Awesome
README of UD
This repository contains the code, data sets, checkpoint, and demo for our paper A Universal Discriminator for Zero-Shot Generalization.
**************************** Updates ****************************
- 6/6: Our paper will appear in ACL 2023 (Long Paper)! Please check out our updated paper.
How to reproduce our results
First, you need to get a universal discriminator.
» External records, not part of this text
lemma inner_arc_shift_self_iff:
  assumes \<nu>: "is_matching n \<nu>" and ab: "(a, b) \<in> \<nu>"
  shows "inner_arc (arc_shift a b (a, b)) \<in> double_arc \<nu> a b \<longleftrightarrow> inner_arc (a, b) \<in> \<nu>"
proof (cases "b = Suc a")
  case True
  have "(Suc (Suc a), Suc a) \<notin> double_arc \<nu> a b" "(Suc a, a) \<notin> \<nu>"
    using matching_arc_less[OF is_matching_double_arc[OF \<nu> ab]] matching_arc_less[OF \<nu>]
    by (meson lessI less_asym)+
  then show ?thesis
    unfolding arc_shift_def inner_arc_def using True by simp
next
  case False
  have "a < b"
    using \<nu> ab matching_arc_less by blast
  with False have "stretch a b (Suc a) = Suc (Suc a)" "stretch a b (b - 1) = b"
    unfolding stretch_def by auto
  then show ?thesis
    unfolding arc_shift_def inner_arc_def
    using stretch_mem_double_arc_iff[OF \<open>a < b\<close> ab, of "Suc a" "b - 1"] by simp
qed

lemma inner_arc_shift_other_iff:
  assumes \<nu>: "is_matching n \<nu>" and ab: "(a, b) \<in> \<nu>"
    and xy: "(x, y) \<in> \<nu>" and ne: "(x, y) \<noteq> (a, b)"
  shows "inner_arc (arc_shift a b (x, y)) \<in> double_arc \<nu> a b \<longleftrightarrow> inner_arc (x, y) \<in> \<nu>"
proof -
  let ?s = "stretch a b"
  have pm: "perfect_matching_on {1..2 * n} \<nu>"
    using \<nu> by (simp add: is_matching_iff_perfect_matching_on)
  have pmD: "perfect_matching_on {1..2 * Suc n} (double_arc \<nu> a b)"
    using is_matching_double_arc[OF \<nu> ab] by (simp add: is_matching_iff_perfect_matching_on)
  have "a < b" "x < y"
    using perfect_matching_on_arcD[OF pm ab] perfect_matching_on_arcD[OF pm xy] by auto
  have "x \<noteq> a" "x \<noteq> b"
    using perfect_matching_on_arc_eq[OF pm xy ab] ne by blast+
  then have shift: "inner_arc (arc_shift a b (x, y)) = (?s (Suc x), ?s y - 1)"
    unfolding arc_shift_def inner_arc_def using ne by (simp add: stretch_Suc)
  have inner: "inner_arc (x, y) = (Suc x, y - 1)"
    unfolding inner_arc_def by simp
  (* stretch commutes with y \<mapsto> y - 1 unless the inner arc would end at a or b *)
  consider "y - 1 \<noteq> a" "y - 1 \<noteq> b" | "y = Suc a" | "y = Suc b"
    using \<open>x < y\<close> by linarith
  then show ?thesis
  proof cases
    case 1
    then have "?s y - 1 = ?s (y - 1)"
      using stretch_diff_Suc \<open>x < y\<close> by simp
    then show ?thesis
      unfolding shift inner using stretch_mem_double_arc_iff[OF \<open>a < b\<close> ab] 1 by simp
  next
    case 2
    then show ?thesis
      unfolding shift inner using stretch_Suc_left[OF \<open>a < b\<close>]
        perfect_matching_on_left_end_not_right[OF pmD double_arc_mem_inner[OF ab]]
        perfect_matching_on_left_end_not_right[OF pm ab] by simp
  next
    case 3
    then show ?thesis
      unfolding shift inner using stretch_Suc_right[OF \<open>a < b\<close>]
        perfect_matching_on_right_end_iff[OF pmD double_arc_mem_outer]
        perfect_matching_on_right_end_iff[OF pm ab] stretch_eq_left_iff[OF \<open>a < b\<close>]
      by simp
  qed
qed

lemma outer21_double_arc:
  assumes \<nu>: "is_matching n \<nu>" and ab: "(a, b) \<in> \<nu>"
  shows "outer21 (double_arc \<nu> a b) = insert (a, b + 2) (arc_shift a b ` outer21 \<nu>)"
proof -
  let ?D = "double_arc \<nu> a b"
  have shift_iff: "inner_arc (arc_shift a b e) \<in> ?D \<longleftrightarrow> inner_arc e \<in> \<nu>" if "e \<in> \<nu>" for e
    using that inner_arc_shift_self_iff[OF \<nu> ab] inner_arc_shift_other_iff[OF \<nu> ab]
    by (cases e) auto
  have "inner_arc (a, b + 2) \<in> ?D"
    using double_arc_mem_inner[OF ab] by (simp add: inner_arc_def)
  then have "outer21 ?D = insert (a, b + 2) {e \<in> arc_shift a b ` \<nu>. inner_arc e \<in> ?D}"
    unfolding outer21_def by (auto simp: double_arc_def[of \<nu> a b])
  also have "{e \<in> arc_shift a b ` \<nu>. inner_arc e \<in> ?D} = arc_shift a b ` outer21 \<nu>"
    unfolding outer21_def using shift_iff by auto
  finally show ?thesis .
qed

lemma inj_arc_shift: "a < b \<Longrightarrow> inj (arc_shift a b)"
  unfolding inj_def arc_shift_def using stretch_neq_new_points by (auto simp: prod_eq_iff)

lemma arc_shift_neq_outer: "a < b \<Longrightarrow> arc_shift a b e \<noteq> (a, b + 2)"
  unfolding arc_shift_def using stretch_neq_new_points by (auto simp: prod_eq_iff)

lemma occ21_double_arc:
  assumes \<nu>: "is_matching n \<nu>" and ab: "(a, b) \<in> \<nu>"
  shows "occ21 (double_arc \<nu> a b) = Suc (occ21 \<nu>)"
proof -
  have "a < b"
    using \<nu> ab matching_arc_less by blast
  have "finite (outer21 \<nu>)"
    using finite_matching[OF \<nu>] unfolding outer21_def by simp
  moreover have "(a, b + 2) \<notin> arc_shift a b ` outer21 \<nu>"
    using arc_shift_neq_outer[OF \<open>a < b\<close>] by (metis imageE)
  moreover have "card (arc_shift a b ` outer21 \<nu>) = card (outer21 \<nu>)"
    using inj_on_subset[OF inj_arc_shift[OF \<open>a < b\<close>] subset_UNIV] by (rule card_image)
  ultimately have "card (outer21 (double_arc \<nu> a b)) = Suc (card (outer21 \<nu>))"
    unfolding outer21_double_arc[OF \<nu> ab] by simp
  then show ?thesis
    using occ21_eq_card_outer21 matching_arcs_pos \<nu> is_matching_double_arc[OF \<nu> ab] by metis
qed

section \<open>Double counting\<close>

lemma bij_betw_double_arc:
  "bij_betw (\<lambda>(\<nu>, a, b). (double_arc \<nu> a b, a, b + 2))
     (SIGMA \<nu>:{\<nu> \<in> matchings n. occ21 \<nu> = k}. \<nu>)
     (SIGMA \<mu>:{\<mu> \<in> matchings (Suc n). occ21 \<mu> = Suc k}. outer21 \<mu>)"
  (is "bij_betw ?f ?R ?L")
proof -
  let ?g = "\<lambda>(\<mu>, x, y). (merge_arcs \<mu> x (y - 2), x, y - 2)"
  have f_maps: "?f (\<nu>, a, b) \<in> ?L \<and> ?g (?f (\<nu>, a, b)) = (\<nu>, a, b)"
    if "(\<nu>, a, b) \<in> ?R" for \<nu> a b
  proof -
    have \<nu>: "is_matching n \<nu>" "occ21 \<nu> = k" and ab: "(a, b) \<in> \<nu>"
      using that unfolding matchings_def by auto
    then show ?thesis
      using is_matching_double_arc[OF \<nu>(1) ab] occ21_double_arc[OF \<nu>(1) ab]
        outer21_double_arc[OF \<nu>(1) ab] merge_arcs_double_arc[OF matching_arc_less[OF \<nu>(1) ab] ab]
      unfolding matchings_def by simp
  qed
  have g_maps: "?g (\<mu>, x, y) \<in> ?R \<and> ?f (?g (\<mu>, x, y)) = (\<mu>, x, y)"
    if "(\<mu>, x, y) \<in> ?L" for \<mu> x y
  proof -
    have \<mu>: "is_matching (Suc n) \<mu>" "occ21 \<mu> = Suc k" and xy: "(x, y) \<in> outer21 \<mu>"
      using that unfolding matchings_def by auto
    obtain b where b: "y = b + 2" "(x, b + 2) \<in> \<mu>" "(Suc x, Suc b) \<in> \<mu>"
      using outer21_matchingE[OF \<mu>(1) xy] .
    have merged: "is_matching n (merge_arcs \<mu> x b)"
      using is_matching_merge_arcs[OF \<mu>(1) b(2,3)] .
    have xb: "(x, b) \<in> merge_arcs \<mu> x b"
      unfolding merge_arcs_def by simp
    have inverse: "double_arc (merge_arcs \<mu> x b) x b = \<mu>"
      using double_arc_merge_arcs[OF \<mu>(1) b(2,3)] .
    then have "occ21 (merge_arcs \<mu> x b) = k"
      using occ21_double_arc[OF merged xb] \<mu>(2) by simp
    then show ?thesis
      using merged xb inverse b(1) unfolding matchings_def by simp
  qed
  show ?thesis
  proof (rule bij_betw_byWitness[where f' = ?g])
    show "\<forall>e\<in>?R. ?g (?f e) = e" "?f ` ?R \<subseteq> ?L"
      using f_maps by auto
    show "\<forall>e\<in>?L. ?f (?g e) = e" "?g ` ?L \<subseteq> ?R"
      using g_maps by auto
  qed
qed

lemma a_nk_Suc_Suc: "Suc k * a_nk (Suc n) (Suc k) = n * a_nk n k"
proof -
  let ?A = "{\<mu> \<in> matchings (Suc n). occ21 \<mu> = Suc k}"
  let ?B = "{\<nu> \<in> matchings n. occ21 \<nu> = k}"
  have "card (SIGMA \<mu>:?A. outer21 \<mu>) = (\<Sum>\<mu>\<in>?A. Suc k)"
  proof (rule trans[OF card_SigmaI sum.cong])
    show "card (outer21 \<mu>) = Suc k" if "\<mu> \<in> ?A" for \<mu>
      using that occ21_eq_card_outer21 matching_arcs_pos unfolding matchings_def by auto
    show "\<forall>\<mu>\<in>?A. finite (outer21 \<mu>)"
      using finite_matching unfolding matchings_def outer21_def by auto
  qed (use finite_matchings in simp_all)
  moreover have "card (SIGMA \<nu>:?B. \<nu>) = (\<Sum>\<nu>\<in>?B. n)"
  proof (rule trans[OF card_SigmaI sum.cong])
    show "card \<nu> = n" if "\<nu> \<in> ?B" for \<nu>
      using that card_matching unfolding matchings_def by simp
    show "\<forall>\<nu>\<in>?B. finite \<nu>"
      using finite_matching unfolding matchings_def by blast
  qed (use finite_matchings in simp_all)
  moreover have "card (SIGMA \<nu>:?B. \<nu>) = card (SIGMA \<mu>:?A. outer21 \<mu>)"
    using bij_betw_double_arc by (rule bij_betw_same_card)
  ultimately show ?thesis
    unfolding a_nk_def by (simp add: algebra_simps)
qed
You can either retrain using our uploaded training data and code or directly download our released checkpoint.
Method 1: Retrain UD using our training data
Download and unzip our training data (T0 training data sets with minimal prompts) and evaluation data (T0 evaluating data sets) and put them in folders "train_data" and "eval_data" respectively.
Then, train our main model (i.e., Universal Discriminator).
You can directly use the following script:
bash train.sh
Or you can run by changing some of the parameters for usage:
NUM_GPUS=8
deepspeed --num_gpus=${NUM_GPUS} train.py \
--model_name_or_path ./huggingface_models/t5-large-lm-adapt \
--train_file ./train_data/data_cls_5choices_maxlen256.json \
--output_dir ./results/ud_large \
--num_train_epochs 10 \
--per_device_train_batch_size 16 \
--gradient_accumulation_steps 2 \
--learning_rate 1e-5 \
--max_seq_length 256 \
--pooler_type avg \
--overwrite_output_dir \
--do_train \
--max_choices 60 \
--deepspeed ./deepspeed/ds_config_zero2_fp32.json \
"$@"
Method 2: directly download our released UD checkpoint
You can directly download our released UD checkpoint through the link we provide.
Evaluate UD using our uploaded checkpoint
Download and unzip our training data (T0 training data sets with minimal prompts) and evaluation data (T0 evaluating data sets) and put them in folders "train_data" and "eval_data" respectively.
You can directly use the following script to evaluate UD on T0 benchmark:
bash eval.sh
Or you can run by changing some of the parameters for usage:
write_dir="./evaluation_results/ud_large"
mkdir -p ${write_dir}
python eval.py \
--model_name_or_path results/ud_large/ \
--write_path ${write_dir}/final.csv \
--pooler_type avg \
"$@"
The evaluation results should be able to match our claimed results for UD with T5-large on T0 benchmark in our main table.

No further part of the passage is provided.